> _What you will do_
Filter the listing below, copying every line in which the word "cdot" appears.

> _Given data_

(* Let $(\mathcal{H},\langle\cdot,\cdot\rangle)$ be a real Hilbert space with induced norm $\|\cdot\|$. Let $f:\mathcal{H}\to\mathbb{R}$ be $\mu$-strongly convex and $L$-smooth with $0<\mu<L<+\infty$, and let $g:\mathcal{H}\to\mathbb{R}\cup\{+\infty\}$ be convex, proper and lower semicontinuous. Let $q=\mu/L$ and let $((x^k,y^k,z^k,A_k))_{k\in\mathbb{N}_0}$ be generated by the Prox-ITEM method (described in the context) from an arbitrary $x^0\in\mathcal{H}$. Let $x^\star$ be the unique minimizer of $f+g$ over $\mathcal{H}$. Then for every $k\in\mathbb{N}_0$, $$\|z^k-x^\star\|^2\le \frac{1}{1+qA_k}\,\|x^0-x^\star\|^2.$$
   Context: $f$ is $L$-smooth if it is Fréchet differentiable with $L$-Lipschitz gradient; $\mu$-strongly convex means $f-\frac{\mu}{2}\|\cdot\|^2$ is convex. For $\gamma>0$, $\operatorname{Prox}^{\gamma}_g(x)=\operatorname{argmin}_{z\in\mathcal{H}}\big(g(z)+\frac{1}{2\gamma}\|x-z\|^2\big)$. The Prox-ITEM method: set $q=\mu/L$, $A_0=0$, $z^0=x^0$, and for $k=0,1,2,\dots$: $A_{k+1}=\frac{(1+q)A_k+2\big(1+\sqrt{(1+A_k)(1+qA_k)}\big)}{(1-q)^2}$, $\beta_k=\frac{A_k}{(1-q)A_{k+1}}$, $\delta_k=\sqrt{\frac{A_{k+1}}{1+qA_{k+1}}}$, $y^k=(1-\beta_k)z^k+\beta_k x^k$, $\bar z^{k+1}=(1-q\delta_k)z^k+q\delta_k y^k-\frac{\delta_k}{L}\nabla f(y^k)$, $z^{k+1}=\operatorname{Prox}^{\delta_k/L}_g(\bar z^{k+1})$, $x^{k+1}=y^k-\frac1L\nabla f(y^k)-\frac{1}{\delta_k}(\bar z^{k+1}-z^{k+1})$. *)

theory Defs
  imports "HOL-Analysis.Analysis" "HOL-Library.Extended_Real"
begin

definition ereal_convex :: "('a::real_vector \<Rightarrow> ereal) \<Rightarrow> bool" where
  "ereal_convex g \<longleftrightarrow>
     (\<forall>x y. \<forall>t::real. 0 < t \<and> t < 1 \<longrightarrow>
        g ((1 - t) *\<^sub>R x + t *\<^sub>R y) \<le> ereal (1 - t) * g x + ereal t * g y)"

definition ereal_proper :: "('a \<Rightarrow> ereal) \<Rightarrow> bool" where
  "ereal_proper g \<longleftrightarrow> (\<forall>x. g x \<noteq> -\<infinity>) \<and> (\<exists>x. g x \<noteq> \<infinity>)"

definition ereal_lsc :: "('a::topological_space \<Rightarrow> ereal) \<Rightarrow> bool" where
  "ereal_lsc g \<longleftrightarrow> (\<forall>c::real. closed {x. g x \<le> ereal c})"

definition prox :: "real \<Rightarrow> ('a::real_normed_vector \<Rightarrow> ereal) \<Rightarrow> 'a \<Rightarrow> 'a" where
  "prox \<gamma> g x = (SOME z. \<forall>w. g z + ereal (norm (x - z)^2 / (2 * \<gamma>))
                                \<le> g w + ereal (norm (x - w)^2 / (2 * \<gamma>)))"

fun itemA :: "real \<Rightarrow> nat \<Rightarrow> real" where
  "itemA q 0 = 0"
| "itemA q (Suc k) =
     ((1 + q) * itemA q k + 2 * (1 + sqrt ((1 + itemA q k) * (1 + q * itemA q k)))) / (1 - q)^2"

definition itemBeta :: "real \<Rightarrow> nat \<Rightarrow> real" where
  "itemBeta q k = itemA q k / ((1 - q) * itemA q (Suc k))"

definition itemDelta :: "real \<Rightarrow> nat \<Rightarrow> real" where
  "itemDelta q k = sqrt (itemA q (Suc k) / (1 + q * itemA q (Suc k)))"

fun proxitem :: "real \<Rightarrow> real \<Rightarrow> ('a::real_normed_vector \<Rightarrow> 'a) \<Rightarrow> ('a \<Rightarrow> ereal) \<Rightarrow> 'a
                  \<Rightarrow> nat \<Rightarrow> 'a \<times> 'a" where
  "proxitem \<mu> L df g x0 0 = (x0, x0)"
| "proxitem \<mu> L df g x0 (Suc k) =
     (let q = \<mu> / L; (x, z) = proxitem \<mu> L df g x0 k;
          \<beta> = itemBeta q k; \<delta> = itemDelta q k;
          y = (1 - \<beta>) *\<^sub>R z + \<beta> *\<^sub>R x;
          zb = (1 - q * \<delta>) *\<^sub>R z + (q * \<delta>) *\<^sub>R y - (\<delta> / L) *\<^sub>R df y;
          z' = prox (\<delta> / L) g zb;
          x' = y - (1 / L) *\<^sub>R df y - (1 / \<delta>) *\<^sub>R (zb - z')
      in (x', z'))"

end

theory Submission
  imports Defs
begin

(* Divide f by L and shift it so that x* becomes a minimiser with zero gradient of the smooth part:
   F w = (f w - f x* - <grad f x*, w - x*>) / L is q-strongly convex and 1-smooth.  Along Prox-ITEM
   the quantity
     phi_k = (1 + q A_k) |z_k - x*|^2 + (1 - q) A_k gap_k + a_k <v_k, z_k - x*> - b_k G z_k
             + A_k/2 |v_k|^2
   is nonincreasing, where gap_k >= 0 is the slack of the interpolation inequality of F between
   y_(k-1) and x*, v_k is the subgradient of the normalised g produced by the k-th proximal step,
   and a_k >= b_k >= 0 are explicit weights.  Indeed phi_k - phi_(k+1) is a nonnegative combination
   of two interpolation inequalities of F (between y_k and x*, and between y_(k-1) and y_k), the
   subgradient inequality of g at z_k, and two squares; this identity is exactly where the
   recursions for A_k, beta_k and delta_k enter.  Since phi_0 = |x_0 - x*|^2 and every term of phi_k
   but the first is nonnegative, the bound follows.  The proximal steps are well defined because
   g + |x - .|^2 / (2 gamma) is lower semicontinuous and uniformly convex on a complete space, so its
   minimising sequences converge. *)

section \<open>Smooth strongly convex functions\<close>

lemma le_of_le_add_scaled:
  fixes a b C :: real
  assumes "\<And>t. 0 < t \<Longrightarrow> t < 1 \<Longrightarrow> a \<le> b + t * C"
  shows "a \<le> b"
proof (rule tendsto_le[OF trivial_limit_at_right_real])
  show "((\<lambda>t. b + t * C) \<longlongrightarrow> b) (at_right 0)"
    by (auto intro!: tendsto_eq_intros)
  show "((\<lambda>t. a) \<longlongrightarrow> a) (at_right 0)" by simp
  show "\<forall>\<^sub>F t in at_right 0. a \<le> b + t * C"
    using eventually_at_right_real[OF zero_less_one] by eventually_elim (auto intro: assms)
qed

> _Exercise solution_
(* Let $(\mathcal{H},\langle\cdot,\cdot\rangle)$ be a real Hilbert space with induced norm $\|\cdot\|$. Let $f:\mathcal{H}\to\mathbb{R}$ be $\mu$-strongly convex and $L$-smooth with $0<\mu<L<+\infty$, and let $g:\mathcal{H}\to\mathbb{R}\cup\{+\infty\}$ be convex, proper and lower semicontinuous. Let $q=\mu/L$ and let $((x^k,y^k,z^k,A_k))_{k\in\mathbb{N}_0}$ be generated by the Prox-ITEM method (described in the context) from an arbitrary $x^0\in\mathcal{H}$. Let $x^\star$ be the unique minimizer of $f+g$ over $\mathcal{H}$. Then for every $k\in\mathbb{N}_0$, $$\|z^k-x^\star\|^2\le \frac{1}{1+qA_k}\,\|x^0-x^\star\|^2.$$
   Context: $f$ is $L$-smooth if it is Fréchet differentiable with $L$-Lipschitz gradient; $\mu$-strongly convex means $f-\frac{\mu}{2}\|\cdot\|^2$ is convex. For $\gamma>0$, $\operatorname{Prox}^{\gamma}_g(x)=\operatorname{argmin}_{z\in\mathcal{H}}\big(g(z)+\frac{1}{2\gamma}\|x-z\|^2\big)$. The Prox-ITEM method: set $q=\mu/L$, $A_0=0$, $z^0=x^0$, and for $k=0,1,2,\dots$: $A_{k+1}=\frac{(1+q)A_k+2\big(1+\sqrt{(1+A_k)(1+qA_k)}\big)}{(1-q)^2}$, $\beta_k=\frac{A_k}{(1-q)A_{k+1}}$, $\delta_k=\sqrt{\frac{A_{k+1}}{1+qA_{k+1}}}$, $y^k=(1-\beta_k)z^k+\beta_k x^k$, $\bar z^{k+1}=(1-q\delta_k)z^k+q\delta_k y^k-\frac{\delta_k}{L}\nabla f(y^k)$, $z^{k+1}=\operatorname{Prox}^{\delta_k/L}_g(\bar z^{k+1})$, $x^{k+1}=y^k-\frac1L\nabla f(y^k)-\frac{1}{\delta_k}(\bar z^{k+1}-z^{k+1})$. *)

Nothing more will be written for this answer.